As my daughter started reading, I wondered if she would also have to take the same path! But I was in for a pleasant surprise!

For starters, one does not have to restrict oneself to the western contexts- there are a lot of books today that are written for teenagers in different cultural settings. There are first person accounts of the lives of  girls/ boys from India, Afghanistan, Benin and even Somalia. There are stories of children growing in different cultural contexts- the issue of being migrants in a foreign land, the prejudice they face etc!  And the nicest part of all this is that these stories are all written from the teenage perspective.  These books talk about problems with parents, crushes, drug abuse, sexual abuse  and various other problems that are  part of the teenage angst! The teen reader can relate to the characters and imbibe the well camouflaged message without it sounding preachy! While not denying the fact that today’s teens are more exposed to everything thanks to the electronic media, I must say that printed material has evolved since the last generation. These contemporary books treat the teen like the young adults that they are.  They are not prudish. They acknowledge that teens have sexual feelings but that sex is not something that can be casually experimented with.

Being the mother of a daughter, I only have access to books preferred by girls. I must say that the stories are very empowering. Right from a fictitious first person account of Ashoka’s daughter Sanghamitra to Harsha’s sister Rajyashree to the story of Shameem a Pakistani girl born and brought up in the UK, these stories bring out the inner strength of the main characters.  I particularly  like the way the stories  focus on how these girls fought restrictive social  customs and emerged stronger. I remember her reading a book “Do they hear you when you cry” a first person account of a girl from Benin who ran away from home to escape Female Genital mutilation. My daughter was twelve when she read this book. She wanted to know what Female Genital mutilation was about.  I used this opportunity to explain it to her – about how it was an violent act performed on a young girl so that she was denied sexual pleasure. It took some time for her to understand but I think she grasped the entire concept of Patriarchal control over female sexuality rather well.  I cannot help but compare her comprehension to mine which came in much later – in my twenties when I had started to question the sugar coated romances that I used to read in my teenage – their warped value system where marriage was shown as the ultimate goal of any woman, however educated she may be! 
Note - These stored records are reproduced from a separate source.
(* Let $M$ be a globally hyperbolic developable conformally flat spacetime of dimension $n\ge3$ with developing map $D:M\to\widetilde{Ein}_{1,n-1}$, and assume $M$ has no conjugate points. Then for every $p\in M$, the restriction of $D$ to the causal past $J^-(p)$ is injective.
   Context: $\widetilde{Ein}_{1,n-1}$ denotes the universal cover of the Einstein universe, conformally identified with $\mathbb{S}^{n-1}\times\mathbb{R}$ with the conformal class of $d\sigma^2-dt^2$, time-oriented by $\partial_t$. Let $\sigma(x,t)=(-x,t+\pi)$; two points of $\widetilde{Ein}_{1,n-1}$ are conjugate if one is the image of the other under $\sigma$. A conformally flat spacetime $M$ is developable if it admits a developing map: a conformal, time-orientation preserving local diffeomorphism $D:M\to\widetilde{Ein}_{1,n-1}$; two points of $M$ are conjugate if their images under $D$ are conjugate. *)

theory Defs
  imports "HOL-Analysis.Analysis"
begin

text \<open>Universal cover of the Einstein universe: S^{n-1} x R, S^{n-1} the unit sphere of real^'n.\<close>
definition ein_univ :: "((real^'n) \<times> real) set" where
  "ein_univ = {(x, t). norm x = 1}"

definition sph_dist :: "real^'n \<Rightarrow> real^'n \<Rightarrow> real" where
  "sph_dist x y = arccos (x \<bullet> y)"

definition ein_sigma :: "(real^'n) \<times> real \<Rightarrow> (real^'n) \<times> real" where
  "ein_sigma p = (- fst p, snd p + pi)"

text \<open>Future-directed causal curves in S^{n-1} x R with the conformal class of
  d sigma^2 - dt^2, time oriented by d/dt (parametrised on [0,1]).\<close>
definition ein_future_causal :: "(real \<Rightarrow> (real^'n) \<times> real) \<Rightarrow> bool" where
  "ein_future_causal c \<longleftrightarrow>
     continuous_on {0..1} c \<and> (\<forall>s\<in>{0..1}. c s \<in> ein_univ) \<and>
     (\<forall>s1 s2. 0 \<le> s1 \<and> s1 \<le> s2 \<and> s2 \<le> 1 \<longrightarrow>
        sph_dist (fst (c s1)) (fst (c s2)) \<le> snd (c s2) - snd (c s1))"

text \<open>Developing map: a local homeomorphism into the Einstein universe; the conformal
  structure and time orientation of M are the ones pulled back by D.\<close>
definition developing_map :: "('m::topological_space \<Rightarrow> (real^'n) \<times> real) \<Rightarrow> bool" where
  "developing_map D \<longleftrightarrow> (\<forall>p. D p \<in> ein_univ) \<and>
     (\<forall>p. \<exists>U. open U \<and> p \<in> U \<and> openin (top_of_set ein_univ) (D ` U) \<and>
          (\<exists>g. homeomorphism U (D ` U) D g))"

definition causal_curve :: "('m::topological_space \<Rightarrow> (real^'n) \<times> real) \<Rightarrow> (real \<Rightarrow> 'm) \<Rightarrow> bool" where
  "causal_curve D \<gamma> \<longleftrightarrow> continuous_on {0..1} \<gamma> \<and> ein_future_causal (D \<circ> \<gamma>)"

definition causal_past :: "('m::topological_space \<Rightarrow> (real^'n) \<times> real) \<Rightarrow> 'm \<Rightarrow> 'm set" where
  "causal_past D p = {q. \<exists>\<gamma>. causal_curve D \<gamma> \<and> \<gamma> 0 = q \<and> \<gamma> 1 = p}"

definition causal_future :: "('m::topological_space \<Rightarrow> (real^'n) \<times> real) \<Rightarrow> 'm \<Rightarrow> 'm set" where
  "causal_future D p = {q. \<exists>\<gamma>. causal_curve D \<gamma> \<and> \<gamma> 0 = p \<and> \<gamma> 1 = q}"

definition causal_spacetime :: "('m::topological_space \<Rightarrow> (real^'n) \<times> real) \<Rightarrow> bool" where
  "causal_spacetime D \<longleftrightarrow>
     (\<forall>\<gamma>. causal_curve D \<gamma> \<and> \<gamma> 0 = \<gamma> 1 \<longrightarrow> (\<forall>s\<in>{0..1}. \<gamma> s = \<gamma> 0))"

definition globally_hyperbolic :: "('m::topological_space \<Rightarrow> (real^'n) \<times> real) \<Rightarrow> bool" where
  "globally_hyperbolic D \<longleftrightarrow> causal_spacetime D \<and>
     (\<forall>p q. compact (causal_future D p \<inter> causal_past D q))"

definition conjugate_pts :: "('m \<Rightarrow> (real^'n) \<times> real) \<Rightarrow> 'm \<Rightarrow> 'm \<Rightarrow> bool" where
  "conjugate_pts D p q \<longleftrightarrow> D q = ein_sigma (D p) \<or> D p = ein_sigma (D q)"

end

theory Submission
  imports Defs
begin

text \<open>
  Suppose q1 and q2 in J^-(p) have the same image under D. By global hyperbolicity the compact set
  J^+(q1) \<inter> J^+(q2) \<inter> J^-(p) contains a point r of smallest time. Developed points strictly
  inside the light cone of D q1 lie in the interior of J^+(q1); this is where the absence of
  conjugate points enters, because light rays of the Einstein universe stay on the boundary of
  the causal future only up to the conjugate point. By minimality of r, D r therefore lies on
  the light cone of D q1, at time distance less than pi. Causal curves from q1 and from q2 to r
  then both develop into the unique light ray from D q1 = D q2 to D r, so close to r, where D is
  injective, they cross every time level in a common point: a point of the common causal future
  earlier than r, which is absurd.
\<close>

section \<open>Spherical distance\<close>

lemma inner_unit_bounds:
  fixes x y :: "'a::real_inner"
  assumes "norm x = 1" "norm y = 1"
  shows "-1 \<le> x \<bullet> y" "x \<bullet> y \<le> 1"
  using Cauchy_Schwarz_ineq2[of x y] assms by auto

lemma inner_unit_self: "norm (x::'a::real_inner) = 1 \<Longrightarrow> x \<bullet> x = 1"
  by (metis norm_eq_1)

lemma sph_dist_nonneg: "norm x = 1 \<Longrightarrow> norm y = 1 \<Longrightarrow> 0 \<le> sph_dist x y"
  unfolding sph_dist_def using inner_unit_bounds[of x y] by (simp add: arccos_lbound)

lemma sph_dist_le_pi: "norm x = 1 \<Longrightarrow> norm y = 1 \<Longrightarrow> sph_dist x y \<le> pi"
  unfolding sph_dist_def using inner_unit_bounds[of x y] by (simp add: arccos_ubound)

lemma sph_dist_commute: "sph_dist x y = sph_dist y x"
  unfolding sph_dist_def by (simp add: inner_commute)

lemma sph_dist_self: "norm x = 1 \<Longrightarrow> sph_dist x x = 0"
  unfolding sph_dist_def by (simp add: inner_unit_self)

lemma cos_sph_dist: "norm x = 1 \<Longrightarrow> norm y = 1 \<Longrightarrow> cos (sph_dist x y) = x \<bullet> y"
  unfolding sph_dist_def using inner_unit_bounds[of x y] by (simp add: cos_arccos)

lemma norm_diff_le_sph_dist:
  fixes x y :: "real^'n"
  assumes "norm x = 1" "norm y = 1"
  shows "norm (x - y) \<le> sph_dist x y"
proof -
  let ?d = "sph_dist x y"
  have "norm (x - y) ^ 2 = 2 - 2 * cos ?d"
    using assms by (simp add: power2_norm_eq_inner inner_diff_left inner_diff_right
        inner_commute inner_unit_self cos_sph_dist)
  also have "\<dots> = (2 * sin (?d / 2)) ^ 2"
    using cos_double_sin[of "?d / 2"] by (simp add: power2_eq_square)
  finally have "norm (x - y) = \<bar>2 * sin (?d / 2)\<bar>"
    by (metis norm_ge_zero real_sqrt_abs real_sqrt_unique)
  then show ?thesis
    using abs_sin_x_le_abs_x[of "?d / 2"] sph_dist_nonneg[OF assms] by simp
qed

lemma sph_dist_eq_0_iff:
  fixes x y :: "real^'n"
  assumes "norm x = 1" "norm y = 1"
  shows "sph_dist x y = 0 \<longleftrightarrow> x = y"
proof
  assume "sph_dist x y = 0"
  then have "norm (x - y) \<le> 0" using norm_diff_le_sph_dist[OF assms] by simp
  then show "x = y" by simp
qed (simp add: sph_dist_self assms)

lemma sph_dist_eq_pi_imp:
  fixes x y :: "real^'n"
  assumes "norm x = 1" "norm y = 1" "sph_dist x y = pi"
  shows "y = - x"
proof -
  have "norm (x + y) ^ 2 = 0"
    using assms cos_sph_dist[OF assms(1,2)]
    by (simp add: power2_norm_eq_inner inner_add_left inner_add_right inner_commute inner_unit_self)
  then have "x + y = 0" by simp
  then show ?thesis by (simp add: eq_neg_iff_add_eq_0 add.commute)
qed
Literature is a reflection of the society we live in. There has  been a lot of social change since the time we were teens and that finds reflection in the writing.  Besides, today’s world is less polarized in terms of east and west. It is not just the “American teenager” who is the symbol of rudeness and nonchalance. We have enough of that in our country too. Having boyfriends/ girlfriends is also more “tolerated” these days. So there are more reading vistas opening up for today’s teen. They can relate much better to the “To Sir with love” context than us, coming as we did from a restrictive background with segregation of the sexes. 

But most of all, one must admire those who write for this age group! There are publications like "Scholastic" that specialize in children's and teen literature! Teen fiction, teen writing is emerging as the new literary space. It requires a lot of sensitivity and empathy to write for this group. Many parents tell me that their children have given up reading for television and the internet. It is therefore a challenge to retain the few who still read by writing books that they can relate to. 

Teenage years are like the “shadow space” between childhood and adulthood where a person searches for who s/he is.  Teen lit I am happy to say has evolved into a strong presence that helps guide these  youngsters through this shadow spaces!!